Although the Crown is immune from criminal contempt proceedings at common law, the applicants argued that sections 56, 64 and 79 of the Judiciary Act 1903 (Cth) operated to render the Commonwealth liable to criminal contempt proceedings:

  • section 56 identifies the appropriate court in which claims against the Commonwealth in contract or tort can be commenced
  • section 64 provides that, in suits to which the Commonwealth is a party, the rights of the parties are to be as nearly as possible the same as in a suit between a subject and subject
  • section 79 operates to pick up and apply State laws "in all cases to which they are applicable" as surrogate federal laws by courts exercising federal jurisdiction.

It was argued that the Commonwealth could be made liable for contempt by a combined operation of sections 56 and 64, and section 79 picking up the contempt rules in Part 55 of the Supreme Court Rules (NSW). Part 55 sets out the process to be followed where it is alleged that a "person" is guilty of contempt of court.

Justice Biscoe rejected these arguments. First, section 56 was facultative in nature and only dealt with claims in contract and tort. Secondly, section 64, he concluded, is not intended to cover criminal proceedings. Thirdly, section 79 is procedural in nature and "cannot create a liability to criminal proceedings where that liability does not already exist". Furthermore, Commonwealth immunity could not be abrogated by State court rules. And, in any event, he thought, even if Part 55 were applicable, its general words were not to be taken as binding on the Crown.

No contempt proved on the facts anyway

Even if the Commonwealth were capable of being found liable for criminal contempt, the applicants had not established that Commonwealth officers or agents had engaged in conduct that would constitute criminal contempt. The applicants had relied upon two circumstances:

  • first, the information provided by the officer of the NSW Department of Natural Resources, and,
  • secondly, the content of the letter from the AGS.

Neither, however, was sufficient to establish conduct by a Commonwealth officer or agent constituting contempt. The officer of the NSW Department of Natural Resources was not a Commonwealth officer, and nothing suggested that he was an authorised agent or delegate of the Commonwealth. The Committee referred to in the AGS letter was not a Commonwealth entity, as there was no evidence that it was under the direction or control of the Commonwealth. Further, there was no evidence that its recommendation was binding on the person making the decision to withhold payment. Nor was there evidence to suggest that the Commonwealth had made or procured that decision.

Scope of the immunity - what about Ministers, departments, officers and agents of the Commonwealth?

In discussing the Commonwealth's immunity, Justice Briscoe was careful to limit his comments to the immunity of the Commonwealth. Ministers, departments, officers and agents of the Commonwealth were recognised as falling outside the scope of the immunity at common law. This, however, was not taken any further as the application for contempt was against the Commonwealth only.

Ex gratia payment schemes

Because of his decision on the Commonwealth's immunity, there was no opportunity for Justice Briscoe to consider whether the statements alleged to have been made with respect to payment entitlements from the ex gratia payment scheme, if proved to have been made by a Commonwealth officer, would be sufficient to constitute contempt.

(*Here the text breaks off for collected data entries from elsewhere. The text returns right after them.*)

lemma box_diag_image:
  "E \<subseteq> gamma_boxes (n - k) k \<Longrightarrow> k \<le> n \<Longrightarrow>
   box_of n ` diag_of_box n ` E = E \<and> diag_of_box n ` E \<subseteq> Gamma n k"
  using diag_of_gamma_box[of _ n k] by (force simp: image_image)

lemma contains_crossing_mono: "contains_crossing r A \<Longrightarrow> A \<subseteq> B \<Longrightarrow> contains_crossing r B"
  unfolding contains_crossing_def by blast

text \<open>The diagonals of two boxes, the second strictly north-east of the first, cross as soon as
  the row of the first plus the column of the second is at most \<open>n\<close>.\<close>

lemma north_east_chain_crossing:
  assumes len: "length xs = k + 1" and sorted: "sorted_wrt north_east xs"
    and sub: "set xs \<subseteq> gamma_boxes (n - k) k" and "k \<le> n"
    and corner: "fst (hd xs) + snd (last xs) \<le> n"
  shows "contains_crossing (k + 1) (diag_of_box n ` set xs)"
proof -
  have "distinct xs"
    using sorted by (induction xs) (auto simp: north_east_def)
  moreover have "inj_on (diag_of_box n) (set xs)"
    using diag_of_gamma_box[of _ n k] sub \<open>k \<le> n\<close> by (metis inj_onI subsetD)
  ultimately have card: "card (diag_of_box n ` set xs) = k + 1"
    using card_image distinct_card len by metis
  have crosses: "crosses (diag_of_box n (xs ! i)) (diag_of_box n (xs ! j))"
    if "i < j" "j < length xs" for i j
  proof -
    have "north_east (xs ! i) (xs ! j)" using north_east_chain_nth[OF sorted that] .
    moreover have "fst (xs ! i) \<le> fst (hd xs)" "snd (xs ! j) \<le> snd (last xs)"
      using north_east_chain_hd[OF sorted] north_east_chain_last[OF sorted] that by auto
    moreover have "xs ! i \<in> gamma_boxes (n - k) k" "xs ! j \<in> gamma_boxes (n - k) k"
      using sub that by auto
    then have "fst (xs ! i) \<le> n" "fst (xs ! j) \<le> n" by (auto simp: gamma_boxes_def)
    ultimately show ?thesis using corner unfolding crosses_def diag_of_box_def north_east_def by auto
  qed
  have "\<forall>e\<in>diag_of_box n ` set xs. \<forall>f\<in>diag_of_box n ` set xs. e \<noteq> f \<longrightarrow> crosses e f"
  proof (intro ballI impI)
    fix e f assume ef: "e \<in> diag_of_box n ` set xs" "f \<in> diag_of_box n ` set xs" "e \<noteq> f"
    obtain i where i: "i < length xs" "e = diag_of_box n (xs ! i)"
      using ef(1) by (auto simp: in_set_conv_nth)
    obtain j where j: "j < length xs" "f = diag_of_box n (xs ! j)"
      using ef(2) by (auto simp: in_set_conv_nth)
    consider "i < j" | "j < i" using i j ef(3) by fastforce
    then show "crosses e f"
      using crosses[of i j] crosses[of j i] i j by cases (auto simp: crosses_def)
  qed
  then have "is_crossing (k + 1) (diag_of_box n ` set xs)" using card by (simp add: is_crossing_def)
  then show ?thesis unfolding contains_crossing_def by blast
qed

lemma crossing_north_east_chain:
  assumes C: "is_crossing (k + 1) C" "C \<subseteq> Gamma n k" and "1 \<le> k"
  obtains es where "length es = k + 1" "sorted_wrt north_east es" "set es = box_of n ` C"
    "fst (es ! 0) + snd (es ! k) \<le> n"
proof -
  have card: "card C = k + 1" and crosses: "\<forall>e\<in>C. \<forall>f\<in>C. e \<noteq> f \<longrightarrow> crosses e f"
    using C(1) by (simp_all add: is_crossing_def)
  have finite: "finite C" using card by (intro card_ge_0_finite) simp
  define ys where "ys = sorted_list_of_set C"
  have ys: "sorted_wrt (<) ys" "set ys = C" "length ys = k + 1"
    using finite card by (simp_all add: ys_def)
  have Gamma: "i < length ys \<Longrightarrow> ys ! i \<in> Gamma n k" for i using C(2) ys(2) by auto
  have cross: "fst (ys ! i) < fst (ys ! j) \<and> fst (ys ! j) < snd (ys ! i) \<and> snd (ys ! i) < snd (ys ! j)"
    if "i < j" "j < length ys" for i j
  proof -
    have lt: "ys ! i < ys ! j" using ys(1) that by (simp add: sorted_wrt_iff_nth_less)
    then have "ys ! i \<noteq> ys ! j" by simp
    moreover have "ys ! i \<in> C" "ys ! j \<in> C" using ys(2) that by auto
    ultimately have "crosses (ys ! i) (ys ! j)" using crosses by blast
    then show ?thesis using lt by (cases "ys ! i", cases "ys ! j") (auto simp: crosses_def)
  qed
  define es where "es = map (box_of n) ys"
  have es: "i < length ys \<Longrightarrow> es ! i = (n + 1 - snd (ys ! i), fst (ys ! i))" for i
    by (simp add: es_def box_of_def split: prod.splits)
  have le_n: "i < length ys \<Longrightarrow> snd (ys ! i) \<le> n" for i
    using Gamma[of i] by (cases "ys ! i") (simp add: Gamma_def)
  show ?thesis
  proof
    show "length es = k + 1" using ys(3) by (simp add: es_def)
    show "sorted_wrt north_east es" unfolding sorted_wrt_iff_nth_less
    proof (intro allI impI)
      fix i j assume "i < j" "j < length es"
      then have ij: "i < j" "j < length ys" using ys(3) by (simp_all add: es_def)
      show "north_east (es ! i) (es ! j)"
        using cross[OF ij] es[of i] es[of j] le_n[of i] le_n[of j] ij by (auto simp: north_east_def)
    qed
    show "set es = box_of n ` C" using ys(2) by (simp add: es_def)
    have "fst (ys ! k) < snd (ys ! 0)" using cross[of 0 k] ys(3) \<open>1 \<le> k\<close> by simp
    then show "fst (es ! 0) + snd (es ! k) \<le> n" using es[of 0] es[of k] le_n[of 0] ys(3) by simp
  qed
qed

context pipe_dream
begin

lemma pd_perm_eq_pi_nk_iff:
  assumes "m = n - k" "k \<le> m"
  shows "pd_perm m D = pi_nk n k \<longleftrightarrow> (\<forall>p\<in>{1..m}. L p 0 False = pi_nk_entry n k p)"
proof -
  have "pi_nk n k = map (pi_nk_entry n k) [1..<m + 1]" using pi_nk_eq_map[of k n] assms by simp
  then show ?thesis using pd_perm_eq by (auto simp: map_eq_conv)
qed

lemma cut_label_small_fixed:
  assumes large: "\<forall>x\<in>D. k + 2 \<le> fst x + snd x \<or> k < top_label x" and "k \<le> m"
  shows "1 \<le> a \<Longrightarrow> a + b \<le> m \<Longrightarrow> \<forall>p. 1 \<le> p \<and> p \<le> k \<longrightarrow> cut_label a b p = p"
proof (induction a b rule: cut_induct)
  case init
  then show ?case using cut_label_init \<open>k \<le> m\<close> by simp
next
  case (step a b)
  show ?case
  proof (cases "(a, b) \<in> D")
    case False
    then show ?thesis using cut_label_step[OF step.hyps(1-3)] step.IH by simp
  next
    case True
    have "k < a + b - 1"
    proof (rule ccontr)
      assume "\<not> k < a + b - 1"
      then have "top_label (a, b) = a + b - 1"
        using step.IH step.hyps top_right_label_cut[of a b] by auto
      then show False using large True \<open>\<not> k < a + b - 1\<close> by fastforce
    qed
    then have "adj_swap (a + b - 1) p = p" if "p \<le> k" for p using that by (auto simp: adj_swap_def)
    then show ?thesis using cut_label_step[OF step.hyps(1-3)] True step.IH by simp
  qed
next
  case (next_row a)
  then show ?case using cut_label_next_row[OF next_row.hyps] \<open>k \<le> m\<close> by (metis le_trans)
qed

lemma subset_gamma_boxes_if_top_labels_gt:
  assumes large: "\<forall>x\<in>D. k < top_label x" and "k \<le> m"
  shows "D \<subseteq> gamma_boxes m k"
proof
  fix x assume x: "x \<in> D"
  obtain a b where x_eq: "x = (a, b)" and ab: "1 \<le> a" "1 \<le> b" "a + b \<le> m"
    using box_in_staircase x by (cases x) auto
  have "k < a + b - 1"
  proof (rule ccontr)
    assume "\<not> k < a + b - 1"
    then have "top_label x = a + b - 1"
      using cut_label_small_fixed[OF _ \<open>k \<le> m\<close> ab(1,3)] large top_right_label_cut[OF ab(1,2)] ab x_eq
      by auto
    then show False using large x \<open>\<not> k < a + b - 1\<close> by auto
  qed
  then show "x \<in> gamma_boxes m k" using ab x_eq by (auto simp: gamma_boxes_def)
qed

lemma exit_label_small:
  assumes "D \<subseteq> gamma_boxes m k" "k \<le> m" "1 \<le> p" "p \<le> k"
  shows "L p 0 False = p"
proof -
  have "\<forall>x\<in>D. k + 2 \<le> fst x + snd x" using assms(1) by (auto simp: gamma_boxes_def)
  then show ?thesis
    using cut_label_small_fixed[of k m 0] cut_label_final[of p] m_pos assms(2-4) by auto
qed

end

text \<open>The values \<open>m + k + 1 - p\<close> are forced one by one, from \<open>p = k + 1\<close> up.\<close>

lemma bij_betw_reversed_tail:
  fixes f :: "nat \<Rightarrow> nat"
  assumes bij: "bij_betw f {1..m} {1..m}"
    and lower: "\<And>p. k + 1 \<le> p \<Longrightarrow> p \<le> m \<Longrightarrow> m + k - p < f p"
  shows "k + 1 \<le> p \<Longrightarrow> p \<le> m \<Longrightarrow> f p = m + k + 1 - p"
proof (induction p rule: less_induct)
  case (less p)
  have "m + k - p < f p" using lower less.prems by simp
  then have lo: "m + k + 1 - p \<le> f p" by linarith
  have hi: "f p \<le> m" using bij less.prems unfolding bij_betw_def by auto
  show ?case
  proof (rule ccontr)
    assume ne: "f p \<noteq> m + k + 1 - p"
    define p' where "p' = m + k + 1 - f p"
    have p': "p' < p" "k + 1 \<le> p'" using lo hi ne less.prems by (auto simp: p'_def)
    have "f p' = f p" using less.IH[OF p'(1) p'(2)] p' less.prems lo hi by (simp add: p'_def)
    moreover have "p' \<in> {1..m}" "p \<in> {1..m}" using p' less.prems by auto
    ultimately have "p' = p" using bij unfolding bij_betw_def inj_on_def by blast
    then show False using p' by simp
  qed
qed

lemma count_le_pi_nk_prefix:
  assumes "r \<le> n - k" "k \<le> n - k"
  shows "count_le (pi_nk_entry n k ` {1..r}) (n - r) \<le> k"
proof -
  have "{x \<in> pi_nk_entry n k ` {1..r}. x \<le> n - r} \<subseteq> {1..k}"
    using assms by (auto simp: pi_nk_entry_def)
  then show ?thesis unfolding count_le_def by (metis card_atLeastAtMost card_mono diff_Suc_1 finite_atLeastAtMost)
qed

lemma Gamma_diff_pd_of_triang:
  "T \<subseteq> Gamma n k \<Longrightarrow> k \<le> n \<Longrightarrow> Gamma n k - diag_of_box n ` pd_of_triang n k T = T"
  using diag_box_image[of "Gamma n k - T" n k] by (auto simp: pd_of_triang_def)
definition ex_game :: "(nat, nat) mmpg" where
  "ex_game = \<lparr>players = {0, 1}, leader = 0, verts = {0, 1, 2, 3, 4},
     owns = (\<lambda>p. if p = 0 then {2, 3, 4} else if p = 1 then {0, 1} else {}), init = 0,
     edges = {(0, 1), (0, 2), (1, 1), (2, 3), (2, 4), (3, 3), (4, 4)},
     rew = (\<lambda>p e. if fst e = snd e then ex_reward p (fst e) else 0)\<rparr>"

lemma ex_game_simps:
  "players ex_game = {0, 1}" "leader ex_game = 0" "init ex_game = 0" "followers ex_game = {1}"
  "edges ex_game = {(0, 1), (0, 2), (1, 1), (2, 3), (2, 4), (3, 3), (4, 4)}"
  "rew ex_game p (u, u) = ex_reward p u"
  "owns ex_game p = (if p = 0 then {2, 3, 4} else if p = 1 then {0, 1} else {})"
  by (auto simp: ex_game_def followers_def)

lemma wf_ex_game: "wf_mmpg ex_game"
  unfolding wf_mmpg_def by (auto simp: ex_game_def ex_reward_def)

text \<open>The play of a profile only depends on the follower's move after [0] and the leader's move
after [0, 2]; ex_sink is the sink it ends in (meaningful for profiles only).\<close>

definition ex_sink :: "(nat \<Rightarrow> nat list \<Rightarrow> nat) \<Rightarrow> nat" where
  "ex_sink \<sigma> = (if \<sigma> 1 [0] = 1 then 1 else \<sigma> 0 [0, 2])"

definition ex_choice :: "nat \<Rightarrow> nat \<Rightarrow> nat list \<Rightarrow> nat" where
  "ex_choice x y h = (if last h = 0 then x else if last h = 2 then y else last h)"

definition ex_bonus :: "nat list \<Rightarrow> real" where
  "ex_bonus h = (if 2 \<in> set h then 1 else 0)"

lemma ex_choice_simps [simp]: "ex_choice x y [0] = x" "ex_choice x y [0, 2] = y"
  by (auto simp: ex_choice_def)

lemma is_strategy_ex_choice:
  "x \<in> {1, 2} \<Longrightarrow> y \<in> {3, 4} \<Longrightarrow> is_strategy ex_game p (ex_choice x y)"
  unfolding is_strategy_def ex_choice_def by (auto simp: ex_game_simps split: if_splits)

lemma is_profile_ex_choice: "x \<in> {1, 2} \<Longrightarrow> y \<in> {3, 4} \<Longrightarrow> is_profile ex_game (\<lambda>_. ex_choice x y)"
  unfolding is_profile_def using is_strategy_ex_choice by blast

lemma ex_owner_0: "owner ex_game 0 = 1"
  unfolding owner_def by (rule the_equality) (auto simp: ex_game_simps)

lemma ex_owner_2: "owner ex_game 2 = 0"
  unfolding owner_def by (rule the_equality) (auto simp: ex_game_simps)

lemma ex_play_1: "play ex_game \<sigma> 1 = \<sigma> 1 [0]"
  by (simp add: play_def ex_game_simps ex_owner_0)

lemma ex_hist_1: "hist ex_game \<sigma> 1 = [0, \<sigma> 1 [0]]"
  by (simp add: ex_game_simps ex_owner_0)

lemma ex_play_2:
  assumes "\<sigma> 1 [0] = 2"
  shows "play ex_game \<sigma> 2 = \<sigma> 0 [0, 2]"
proof -
  have "play ex_game \<sigma> (Suc 1) = \<sigma> 0 [0, 2]"
    unfolding play_Suc ex_play_1 ex_hist_1 assms ex_owner_2 ..
  then show ?thesis by (simp add: numeral_2_eq_2)
qed

lemma ex_sink_cases:
  assumes prof: "is_profile ex_game \<sigma>"
  obtains "\<sigma> 1 [0] = 1" "ex_sink \<sigma> = 1"
    | "\<sigma> 1 [0] = 2" "ex_sink \<sigma> \<in> {3, 4}"
proof -
  have "(0, \<sigma> 1 [0]) \<in> edges ex_game"
    using play_edge[OF wf_ex_game prof, of 0] ex_play_1[of \<sigma>] by (simp add: ex_game_simps)
  then consider "\<sigma> 1 [0] = 1" | "\<sigma> 1 [0] = 2"
    by (auto simp: ex_game_simps)
  then show ?thesis
  proof cases
    case 1
    then show ?thesis using that(1) by (simp add: ex_sink_def)
  next
    case 2
    have "(2, \<sigma> 0 [0, 2]) \<in> edges ex_game"
      using play_edge[OF wf_ex_game prof, of 1] 2 ex_play_1[of \<sigma>] ex_play_2[of \<sigma>, OF 2]
      by (simp add: numeral_2_eq_2)
    then have "ex_sink \<sigma> \<in> {3, 4}"
      using 2 by (auto simp: ex_sink_def ex_game_simps)
    then show ?thesis using that(2) 2 by blast
  qed
qed

lemma ex_play_absorbed:
  assumes prof: "is_profile ex_game \<sigma>"
  shows "\<forall>i\<ge>2. play ex_game \<sigma> i = ex_sink \<sigma>"
proof -
  have sink: "v = ex_sink \<sigma>" if "ex_sink \<sigma> \<in> {1, 3, 4}" "(ex_sink \<sigma>, v) \<in> edges ex_game" for v
    using that by (auto simp: ex_game_simps)
  from prof show ?thesis
  proof (cases rule: ex_sink_cases)
    case 1
    then have "\<forall>i\<ge>1. play ex_game \<sigma> i = ex_sink \<sigma>"
      using ex_play_1[of \<sigma>] sink
      by (intro play_absorbed[OF wf_ex_game prof]) simp_all
    then show ?thesis by simp
  next
    case 2
    then show ?thesis
      using ex_play_2[of \<sigma>] sink
      by (intro play_absorbed[OF wf_ex_game prof]) (simp_all add: ex_sink_def)
  qed
qed

lemma ex_raw_payoff:
  "is_profile ex_game \<sigma> \<Longrightarrow> raw_payoff ex_game \<sigma> p = ereal (ex_reward p (ex_sink \<sigma>))"
  using raw_payoff_eventually_const[OF ex_play_absorbed] by (simp add: ex_game_simps)

lemma ex_inc_value_bonus:
  assumes prof: "is_profile ex_game \<sigma>"
  shows "inc_value ex_game \<sigma> ex_bonus = (if ex_sink \<sigma> = 1 then 0 else 1)"
  using prof
proof (cases rule: ex_sink_cases)
  case 1
  have "play ex_game \<sigma> j \<noteq> 2" for j
  proof -
    consider "j = 0" | "j = 1" | "j \<ge> 2"
      by linarith
    then show ?thesis
      using ex_play_absorbed[OF prof] 1 ex_play_1[of \<sigma>]
      by cases (simp_all add: ex_game_simps)
  qed
  then have "\<forall>i\<ge>0. ex_bonus (hist ex_game \<sigma> i) = 0"
    unfolding ex_bonus_def hist_eq_map_play by (auto simp del: upt_Suc)
  then show ?thesis
    using 1 inc_value_eventually_const[of 0] by (simp add: zero_ereal_def)
next
  case 2
  then have "play ex_game \<sigma> 1 = 2"
    using ex_play_1[of \<sigma>] by simp
  then have "2 \<in> set (hist ex_game \<sigma> i)" if "i \<ge> 1" for i
    using that unfolding hist_eq_map_play set_map set_upt by force
  then have "\<forall>i\<ge>1. ex_bonus (hist ex_game \<sigma> i) = 1"
    unfolding ex_bonus_def by simp
  then show ?thesis
    using 2 inc_value_eventually_const[of 1] by (auto simp: one_ereal_def)
qed

lemma ex_leader_profile_sink:
  assumes lp: "is_leader_profile ex_game \<sigma>"
  shows "ex_sink \<sigma> \<in> {1, 3}"
proof -
  have prof: "is_profile ex_game \<sigma>"
    using lp unfolding is_leader_profile_def by blast
  have "ex_sink \<sigma> \<noteq> 4"
  proof
    assume sink: "ex_sink \<sigma> = 4"
    have dev: "is_strategy ex_game 1 (ex_choice 1 3)"
      by (rule is_strategy_ex_choice) auto
    then have "raw_payoff ex_game (\<sigma>(1 := ex_choice 1 3)) 1 \<le> raw_payoff ex_game \<sigma> 1"
      using lp unfolding is_leader_profile_def by (simp add: ex_game_simps)
    moreover have "raw_payoff ex_game (\<sigma>(1 := ex_choice 1 3)) 1 = 1"
      unfolding ex_raw_payoff[OF is_profile_fun_upd[OF prof dev]]
      by (simp add: ex_sink_def ex_reward_def)
    ultimately show False
      using ex_raw_payoff[OF prof] sink by (simp add: ex_reward_def)
  qed
  with prof show ?thesis
    by (cases rule: ex_sink_cases) auto
qed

Nonetheless, some care must be taken in dealing with ex gratia payments. It is surely legitimate for a government to decide that a payment is not to be made from an ex gratia payment scheme where a claimant is pursuing legal claims against the government. However, if not made carefully, statements to the effect that no payment will be made because a claimant has instituted proceedings can easily be characterised as an inducement to withdraw court proceedings. Thus, when dealing with claimants for ex gratia payments who have instituted proceedings against the government, great care must be taken in explaining the claimant's entitlements.

The content of this article is intended to provide a general guide to the subject matter. Specialist advice should be sought about your specific circumstances.